Church is She. Period.
Fr. Paul Stein
Did you ever wonder why we have never called the Church, “he?” We most certainly don’t call the Church zie, ze, xe, or one of the other gender-neutral “pronouns.”[1] The Church is She. Period. Full stop.
The reason is that she is the bride of Christ, and he is most definitely a “he.” Our popular culture often imagines heaven as where we hope to sit on clouds and play harps. Yet, the image Christ frequently gives us in the scriptures is that of a wedding banquet: “Jesus again in reply spoke to them in parables, saying, ‘The kingdom of heaven may be likened to a king who gave a wedding feast for his son’” (Matt 22:1-2). If Jesus is the groom, then the Church is the bride: “Then I saw a new heaven and a new earth. The former heaven and the former earth had passed away, and the sea was no more. I also saw the holy city, a new Jerusalem, coming down out of heaven from God, prepared as a bride adorned for her husband” (Rev 21:1-2).

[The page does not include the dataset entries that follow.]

definition star_tuples_upto :: "nat \<Rightarrow> nat \<Rightarrow> nat list set" where
  "star_tuples_upto r N = {ns \<in> star_tuples r. set ns \<subseteq> {..N}}"

definition star_term :: "nat list \<Rightarrow> nat list \<Rightarrow> real" where
  "star_term ks ns = (\<Prod>i<length ks. 1 / real (ns ! i) ^ (ks ! i))"

lemma star_term_nonneg: "0 \<le> star_term ks ns"
  unfolding star_term_def by (rule prod_nonneg) simp

lemma star_term_Cons: "star_term (k # ks) (n # ns) = star_term ks ns / real n ^ k"
  unfolding star_term_def length_Cons prod.lessThan_Suc_shift by simp

lemma star_tuples_sorted_wrt: "star_tuples r = {ns. length ns = r \<and> 0 \<notin> set ns \<and> sorted_wrt (\<ge>) ns}"
  unfolding star_tuples_def
  by (auto simp: sorted_wrt_iff_nth_Suc_transp in_set_conv_nth Suc_le_eq)

lemma Cons_in_star_tuples_upto_iff:
  "n # ns \<in> star_tuples_upto (Suc r) N \<longleftrightarrow> n \<in> {1..N} \<and> ns \<in> star_tuples_upto r n"
  by (auto simp: star_tuples_upto_def star_tuples_sorted_wrt)

lemma finite_star_tuples_upto: "finite (star_tuples_upto r N)"
proof (rule finite_subset)
  show "star_tuples_upto r N \<subseteq> {ns. set ns \<subseteq> {..N} \<and> length ns = r}"
    unfolding star_tuples_upto_def star_tuples_def by auto
qed (simp add: finite_lists_length_eq)

lemma star_tuples_upto_0: "star_tuples_upto 0 N = {[]}"
  unfolding star_tuples_upto_def star_tuples_def by auto

lemma star_tuples_upto_Suc:
  "star_tuples_upto (Suc r) N = (\<lambda>(n, ns). n # ns) ` (SIGMA n:{1..N}. star_tuples_upto r n)"
proof (intro equalityI subsetI)
  fix xs assume xs: "xs \<in> star_tuples_upto (Suc r) N"
  then obtain n ns where "xs = n # ns"
    by (cases xs) (auto simp: star_tuples_upto_def star_tuples_def)
  with xs show "xs \<in> (\<lambda>(n, ns). n # ns) ` (SIGMA n:{1..N}. star_tuples_upto r n)"
    by (auto simp: Cons_in_star_tuples_upto_iff)
qed (auto simp: Cons_in_star_tuples_upto_iff)

lemma zeta_star_partial_eq_sum:
  "zeta_star_partial ks N = (\<Sum>ns\<in>star_tuples_upto (length ks) N. star_term ks ns)"
proof (induction ks arbitrary: N)
  case Nil
  show ?case
    by (simp add: star_tuples_upto_0 star_term_def)
next
  case (Cons k ks)
  have inj: "inj_on (\<lambda>(n, ns). n # ns) (SIGMA n:{1..N}. star_tuples_upto (length ks) n)"
    by (auto simp: inj_on_def)
  have "(\<Sum>ns\<in>star_tuples_upto (length (k # ks)) N. star_term (k # ks) ns)
      = (\<Sum>(n, ns)\<in>(SIGMA n:{1..N}. star_tuples_upto (length ks) n). star_term (k # ks) (n # ns))"
    unfolding length_Cons star_tuples_upto_Suc
    by (subst sum.reindex[OF inj]) (simp add: case_prod_beta o_def)
  also have "\<dots> = (\<Sum>n=1..N. \<Sum>ns\<in>star_tuples_upto (length ks) n. star_term ks ns / real n ^ k)"
    by (simp add: sum.Sigma finite_star_tuples_upto star_term_Cons)
  also have "\<dots> = zeta_star_partial (k # ks) N"
    by (simp add: Cons.IH sum_divide_distrib)
  finally show ?case ..
qed

lemma zeta_star_partial_tendsto:
  assumes "admissible ks"
  shows "zeta_star_partial ks \<longlonglongrightarrow> zeta_star ks"
proof -
  let ?r = "length ks"
  have "(\<lambda>N. sum (star_term ks) (star_tuples_upto ?r N)) \<longlonglongrightarrow> infsum (star_term ks) (star_tuples ?r)"
  proof (rule tendsto_sum_exhausting_infsum)
    show "incseq (star_tuples_upto ?r)"
      unfolding incseq_def star_tuples_upto_def by auto
    show "\<exists>N. F \<subseteq> star_tuples_upto ?r N" if F: "finite F" "F \<subseteq> star_tuples ?r" for F
    proof -
      obtain N where "\<Union>(set ` F) \<subseteq> {..<N}"
        using finite_nat_bounded[of "\<Union>(set ` F)"] F(1) by auto
      then have "F \<subseteq> star_tuples_upto ?r N"
        using F(2) unfolding star_tuples_upto_def by auto
      then show ?thesis ..
    qed
    show "sum (star_term ks) (star_tuples_upto ?r N) \<le> 2 ^ ?r" for N
      using zeta_star_partial_le_pow2[OF assms] by (simp add: zeta_star_partial_eq_sum)
  qed (auto simp: star_term_nonneg finite_star_tuples_upto, auto simp: star_tuples_upto_def)
  moreover have "zeta_star_partial ks = (\<lambda>N. sum (star_term ks) (star_tuples_upto ?r N))"
    using zeta_star_partial_eq_sum by blast
  moreover have "zeta_star ks = infsum (star_term ks) (star_tuples ?r)"
    unfolding zeta_star_def star_term_def ..
  ultimately show ?thesis
    by simp
qed

lemma zeta_star_mono:
  assumes "admissible ks" and "admissible ms"
    and "\<And>N. zeta_star_partial ks N \<le> zeta_star_partial ms N"
  shows "zeta_star ks \<le> zeta_star ms"
  using zeta_star_partial_tendsto[OF assms(1)] zeta_star_partial_tendsto[OF assms(2)]
  by (rule LIMSEQ_le) (use assms(3) in auto)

Part of God’s plan for creation was the human complementarity of male and female, husband and wife, to reflect the close loving union of God with us through Christ. St. Paul describes it in his letter to the Ephesians:
Be subordinate to one another out of reverence for Christ. Wives should be subordinate to their husbands as to the Lord. For the husband is head of his wife just as Christ is head of the church, he himself the savior of the body. As the church is subordinate to Christ, so wives should be subordinate to their husbands in everything. Husbands, love your wives, even as Christ loved the church and handed himself over for her to sanctify her, cleansing her by the bath of water with the word, that he might present to himself the church in splendor, without spot or wrinkle or any such thing, that she might be holy and without blemish. So [also] husbands should love their wives as their own bodies. He who loves his wife loves himself. For no one hates his own flesh but rather nourishes and cherishes it, even as Christ does the church, because we are members of his body. “For this reason a man shall leave [his] father and [his] mother and be joined to his wife, and the two shall become one flesh.” This is a great mystery, but I speak in reference to Christ and the church. (Eph 5:21-32)
Heaven is thus, a mystical marriage.
In Christ, the natural institution of marriage,
built into creation, is elevated to a sacrament.
Heaven is thus, a mystical marriage. In Christ, the natural institution of marriage, built into creation, is elevated to a sacrament. The marriage between a baptized man and a baptized woman embodies and points to the reality of heaven. As Christ and the Church cannot fail to forever love each other, the sacrament of marriage is indissoluble:
Some Pharisees approached him, and tested him, saying, “Is it lawful for a man to divorce his wife for any cause whatever?” He said in reply, “Have you not read that from the beginning the Creator ‘made them male and female’ and said, ‘For this reason a man shall leave his father and mother and be joined to his wife, and the two shall become one flesh’? So they are no longer two, but one flesh. Therefore, what God has joined together, no human being must separate.” They said to him, “Then why did Moses command that the man give the woman a bill of divorce and dismiss [her]?” He said to them, “Because of the hardness of your hearts Moses allowed you to divorce your wives, but from the beginning it was not so. I say to you, whoever divorces his wife (unless the marriage is unlawful) and marries another commits adultery.” (Matt 19:3-9)[2]
For the Church, the creation of humans as male and female is a gift from God that ultimately finds its fulfillment in heaven.
What This Means For Us
We live in a culture that still celebrates weddings with great fervor. That wedding to which we should ultimately look, however, is heaven. If brides and grooms work feverishly and spend large amounts of money to have a wonderful earthly wedding, then we should be willing to give everything we have to be a part of the heavenly marriage banquet. That is the one marriage in which bride and groom will live happily ever after.
Footnotes
1. This author has used – when an application form requires pronouns – who & what. Abbott and Costello were ahead of their time.
2. Annulments come from the clause “unless the marriage is unlawful” which has to do with the distinction between the Greek words porneia and moicheia.